The primary objective of this thesis was to develop a better understanding of cartilage mechanics by revealing the material properties of the tissue to yet another level of complexity. The inhomogeneities of articular cartilage were investigated by determining the depth-dependent compressive Young’s modulus, Poisson’s ratio, intrinsic solid matrix stiffness and fixed charge density. The anisotropy of the tissue was discussed by focusing on the measurement of equilibrium compressive elastic properties along its three characteristic directions in order to determine material symmetry o f cartilage in compression. Tension-compression nonlinearity was explored through the strain-softening behavior of cartilage that has been observed in common compression tests. A triphasic conewise nonlinear elasticity model was proposed to interpret the strain-softening in the context of tension-compression nonlinearity and osmotic swelling. The mechano-electrochemical responses of the tissue were addressed by incorporating the depth-dependent material properties into the triphasic mixture model to describe the environment of chondrocytes.

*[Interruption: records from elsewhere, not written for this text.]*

(* Let $S,Q$ be disjoint finite sets, $\mathcal{M}_S,\mathcal{M}_Q$ matroids on $S$, $Q$, and $A\subseteq S$, $B\subseteq Q$. Then the principal sum $(\mathcal{M}_S,\mathcal{M}_Q;A,B)$ is $\{S,Q\}$-complete.
   Context: Matroids on finite sets, given by bases. For matroids on the same set, $\mathcal{M}_1\vee\mathcal{M}_2$ has bases the maximal sets $b_1\cup b_2$; $\mathbf{0}_X$ has only base $\emptyset$. Let $r_{\mathcal{M}_S}$ be the rank function of $\mathcal{M}_S$. $\mathcal{M}_{SB}$ is the matroid on $S\uplus B$ with rank function $r(X\uplus B_1):=r_{\mathcal{M}_S}(X)+\min\big(r_{\mathcal{M}_S}(X\cup A)-r_{\mathcal{M}_S}(X),\,|B_1|\big)$ for $X\subseteq S$, $B_1\subseteq B$. The principal sum is $(\mathcal{M}_S,\mathcal{M}_Q;A,B):=(\mathcal{M}_{SB}\oplus\mathbf{0}_{Q-B})\vee(\mathcal{M}_Q\oplus\mathbf{0}_S)$, a matroid on $S\uplus Q$. A matroid $\mathcal{M}_{SQ}$ on $S\uplus Q$ is $\{S,Q\}$-complete if whenever $b_S,b'_S\subseteq S$, $b_Q,b'_Q\subseteq Q$ and $b_S\uplus b_Q$, $b_S\uplus b'_Q$, $b'_S\uplus b_Q$ are bases, then $b'_S\uplus b'_Q$ is a base. *)

theory Defs
  imports Main
begin

definition matroid :: "'a set \<Rightarrow> 'a set set \<Rightarrow> bool" where
  "matroid E \<B> \<longleftrightarrow> finite E \<and> \<B> \<noteq> {} \<and> (\<forall>b\<in>\<B>. b \<subseteq> E) \<and>
     (\<forall>b1\<in>\<B>. \<forall>b2\<in>\<B>. \<forall>x\<in>b1 - b2. \<exists>y\<in>b2 - b1. insert y (b1 - {x}) \<in> \<B>)"

definition rank_of :: "'a set set \<Rightarrow> 'a set \<Rightarrow> nat" where
  "rank_of \<B> X = Max ((\<lambda>b. card (X \<inter> b)) ` \<B>)"

definition bases_of_rank :: "'a set \<Rightarrow> ('a set \<Rightarrow> nat) \<Rightarrow> 'a set set" where
  "bases_of_rank E r = {X. X \<subseteq> E \<and> r X = card X \<and> r X = r E}"

definition rank_SB :: "'a set set \<Rightarrow> 'a set \<Rightarrow> 'a set \<Rightarrow> 'a set \<Rightarrow> 'a set \<Rightarrow> nat" where
  "rank_SB \<B>S S A B Y =
     rank_of \<B>S (Y \<inter> S) + min (rank_of \<B>S ((Y \<inter> S) \<union> A) - rank_of \<B>S (Y \<inter> S)) (card (Y \<inter> B))"

definition bases_SB :: "'a set set \<Rightarrow> 'a set \<Rightarrow> 'a set \<Rightarrow> 'a set \<Rightarrow> 'a set set" where
  "bases_SB \<B>S S A B = bases_of_rank (S \<union> B) (rank_SB \<B>S S A B)"

text \<open>Matroid union by bases: the inclusion-maximal sets of the form b1 \<union> b2.
  (Direct sums with free-of-rank-zero matroids 0_X do not change the family of bases.)\<close>
definition union_bases :: "'a set set \<Rightarrow> 'a set set \<Rightarrow> 'a set set" where
  "union_bases \<B>1 \<B>2 =
     {X. (\<exists>b1\<in>\<B>1. \<exists>b2\<in>\<B>2. X = b1 \<union> b2) \<and>
         \<not> (\<exists>b1\<in>\<B>1. \<exists>b2\<in>\<B>2. X \<subset> b1 \<union> b2)}"

text \<open>Bases of the principal sum (M_S, M_Q; A, B), a matroid on S \<union> Q:
  (M_SB \<oplus> 0_{Q-B}) \<or> (M_Q \<oplus> 0_S).\<close>
definition principal_sum :: "'a set \<Rightarrow> 'a set set \<Rightarrow> 'a set \<Rightarrow> 'a set set \<Rightarrow> 'a set \<Rightarrow> 'a set \<Rightarrow> 'a set set" where
  "principal_sum S \<B>S Q \<B>Q A B = union_bases (bases_SB \<B>S S A B) \<B>Q"

definition SQ_complete :: "'a set \<Rightarrow> 'a set \<Rightarrow> 'a set set \<Rightarrow> bool" where
  "SQ_complete S Q \<B> \<longleftrightarrow>
     (\<forall>bS bS' bQ bQ'. bS \<subseteq> S \<longrightarrow> bS' \<subseteq> S \<longrightarrow> bQ \<subseteq> Q \<longrightarrow> bQ' \<subseteq> Q \<longrightarrow>
        bS \<union> bQ \<in> \<B> \<longrightarrow> bS \<union> bQ' \<in> \<B> \<longrightarrow> bS' \<union> bQ \<in> \<B> \<longrightarrow> bS' \<union> bQ' \<in> \<B>)"

end

(*
  Write r for the rank function of M_S. A set Y \<subseteq> S \<union> B is a base of M_SB iff Y \<inter> S is
  independent in M_S, |Y| = r(S) and |Y \<inter> B| \<le> r((Y \<inter> S) \<union> A) - r(Y \<inter> S); in particular
  whether Y is a base depends only on Y \<inter> S and on |Y \<inter> B|. If a base of M_SB and a base of
  M_Q shared an element e \<in> B, then e could be traded in the M_SB-base for a new element of S,
  so the union would not be maximal. Hence the bases of the principal sum are exactly the
  disjoint unions b1 \<union> b2 of an M_SB-base and an M_Q-base, all of size r(S) + r_Q(Q).

  Now let bS \<union> bQ, bS \<union> bQ' and bS' \<union> bQ be bases. The first and the last have the same
  size, so |bS| = |bS'|. Decompose bS \<union> bQ' = c1 \<union> c2; then c1 \<inter> S = bS and
  |c1 \<inter> B| = r(S) - |bS|. The M_SB-part of bS' \<union> bQ has S-part bS' and the same number
  r(S) - |bS'| of elements in B, so bS' \<union> (c1 \<inter> B) is an M_SB-base too, and its union with
  c2 is bS' \<union> bQ'.
*)
theory Submission
  imports Defs
begin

Prior to these efforts, a methodology for measuring the deformation fields was developed and validated for its application to cartilage experimental mechanics. This methodology combines the common cartilage testing configurations with digital video microscopy, optimized digital image correlation, thin-plate smoothing spline and generalized cross-validation to achieve the desired efficiency and accuracy. This methodology formed the technique basis for all the experimental work in this thesis.

Finally, the implications of the complexity of tissue properties on chondrocyte environment were explored by incorporating the experimental measurements of the tissue inhomogeneities into rigorous theoretical modeling (e.g., the biphasic or triphasic mixture theory), representing an initial effort towards the understanding of mechanotransduction of chondrocytes.